A Comissão “Paulo Devanier Lauda” de Memória e Verdade da Universidade Federal de Santa Maria publicou nota sobre o Golpe de 1964. Confira o texto na íntegra a seguir.
NOTA DA COMISSÃO PAULO LAUDA SOBRE 1964: NADA A COMEMORAR
Quando a Presidência da República índica para as unidades militares a comemoração do Golpe de 1964, em apologia ao Terrorismo de Estado então praticado, a sociedade que preza a democracia e os direitos humanos, para não ser cúmplice, não deve ficar calada.

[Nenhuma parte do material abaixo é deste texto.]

(* Let $(X,d)$ be a metric space, $\mu$ a non-atomic Borel measure on $X$, $\beta>0$, and let $\Gamma^*\subset\Gamma^\mu$ be a family of paths closed under taking non-trivial subpaths that has the $\mu$-arc-chord property with exponent $\beta$. Let $f:X\to\mathbb R$ be continuous and $g:X\to[0,\infty]$ measurable with $|f(x)-f(y)|\le d(x,y)^\beta(g(x)+g(y))$ for all $x,y\in X$. Then there is $C>0$ such that $Cg$ is an upper gradient of $f$.
   Context: A path is a continuous map $\gamma:[a,b]\to X$; a subpath is a restriction to a subinterval, trivial if that interval is a point; $\mathrm{Im}(\gamma)=\gamma([a,b])$. $\mu$ non-atomic: $\mu(\{x\})=0$ for all $x$. $\Gamma^\mu$ is the set of all non-trivial injective paths $\gamma$ with $0<\mu(\mathrm{Im}(\tilde\gamma))<\infty$ for every non-trivial subpath $\tilde\gamma$. For Borel $g\ge0$, $\int_\gamma g:=\int_{\mathrm{Im}(\gamma)}g\,d\mu$. $\mu$-arc-chord property with exponent $\beta$: there is $C_\mu>0$ with $\mathrm{diam}(\mathrm{Im}(\gamma))^\beta\le C_\mu\,\mu(\mathrm{Im}(\gamma))$ for all $\gamma\in\Gamma^*$. A nonnegative function $\rho$ is an upper gradient of $f$ if $|f(x)-f(y)|\le\int_\gamma\rho$ for every $\gamma\in\Gamma^*$ with endpoints $x,y$. *)

theory Defs
  imports "HOL-Analysis.Analysis"
begin

text \<open>A path is represented as a triple (a, b, gamma) with a \<le> b and gamma continuous on [a,b];
  only the values of gamma on [a,b] matter.\<close>

type_synonym 'a rpath = "real \<times> real \<times> (real \<Rightarrow> 'a)"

Desde o início de abril, no ano fatídico de 1964, as liberdades democráticas começaram a ser extintas no Brasil, com a cassação de integrantes dos executivos e legislativos, com a intervenção militar em organizações da sociedade civil, com a demissão de funcionários públicos, com as prisões, os exílios, as torturas, os assassinatos e os desaparecimentos políticos.
Santa Maria e sua Universidade Federal não ficaram de fora. A deposição do Prefeito eleito, Paulo Devanier Lauda, no AI-1, foi seguida de seu expurgo como docente da Medicina na UFSM. O mesmo destino do vereador Eduardo Rolim, também com cátedra no mesmo curso de Medicina, processado por IPM que o tirou do convívio universitário.
Foi apenas o ensaio geral. Depois vieram as perseguições políticas dos outros dois segmentos. Assim, professores, técnico-administrativos e estudantes, contrários ao arbítrio, foram sendo vigiados, calados, perseguidos, envolvidos na doutrinação de uma disciplina obrigatória a todos os cursos, o suposto Estudo dos Problemas Brasileiros (EPB), uma verdadeira propaganda ideológica da Ditadura, assim como já era com Educação Moral e Cívica (EMC) e com Organização Social e Política Brasileira (OSPB) nas escolas.
No início da década de 1970, como marca da expansão do famigerado Serviço Nacional de Informações (SNI) para as universidades, a UFSM teve a sua Assessoria do Serviço de Informações (ASI) que nada mais fez do que vigiar e criar uma rede de “dedos duros” para vilipendiar a liberdade de cátedra, para denunciar estudantes críticos, para perseguir técnico-administrativos que não silenciavam diante da Ditadura.
Na UFSM, tivemos detenções de estudantes, demissões de servidores. Nas universidades públicas, assim como em todos os recantos do Brasil, vários foram torturados e/ou desaparecidos pela Ditadura de Segurança Nacional, crianças e mulheres não escaparam da sanha de autores de crime imprescritíveis e inafiançáveis, de lesa humanidade, como o estupro e a tortura Isto não tem nada a ver com “probleminhas”, isto tem a ver com a face mais cruel das ditaduras como essa, iniciada em nosso País, em 1º de abril de 1964, o dia de uma mentira que ainda insiste em se perpetuar entre aqueles que foram coniventes ou se locupletaram política e economicamente com aqueles tempos.
Passados 55 anos, a gravidade de comemorar aqueles anos infames não é somente de natureza política: ela representa um atentado contra a ordem constitucional e o Estado Democrático de Direito, conforme previsto no art. 1º, bem como no artigo 5°, inciso XLIV, da Constituição de 1988. O apoio de um presidente da República ou quaisquer autoridades poderia até mesmo, configurar crime de responsabilidade (artigo 85 da Constituição, e Lei n° 1.079, de 1950). Vozes democráticas do Ministério Público, da Ordem dos Advogados do Brasil, dos Familiares de Desaparecidos Políticos, dos Movimentos Sociais, de Partidos Políticos e de milhares de organizações da sociedade civil se levantam para não naturalizar, não aceitar, não ficarem calados diante de tão grave afronta à Democracia, vinda de um alto poder da República.
A Comissão “Paulo Devanier Lauda” de Memória e Verdade da Universidade Federal de Santa Maria, neste grave momento da Nação, se soma aqueles que se manifestam em defesa da democracia e inclinam suas bandeiras para todas as vítimas da Ditadura, sobretudo em homenagem às lutadoras e guerreiros que se foram ou sobreviveram para que pudéssemos nos manifestar livremente e denunciar os acontecimentos trágicos de todos os tipos de violência estatal e paraestatal que vigoraram em nosso País, cometidos contra os direitos humanos, de consequências nefastas até os dias atuais.
Para que não se esquença, Para que nunca mais aconteça!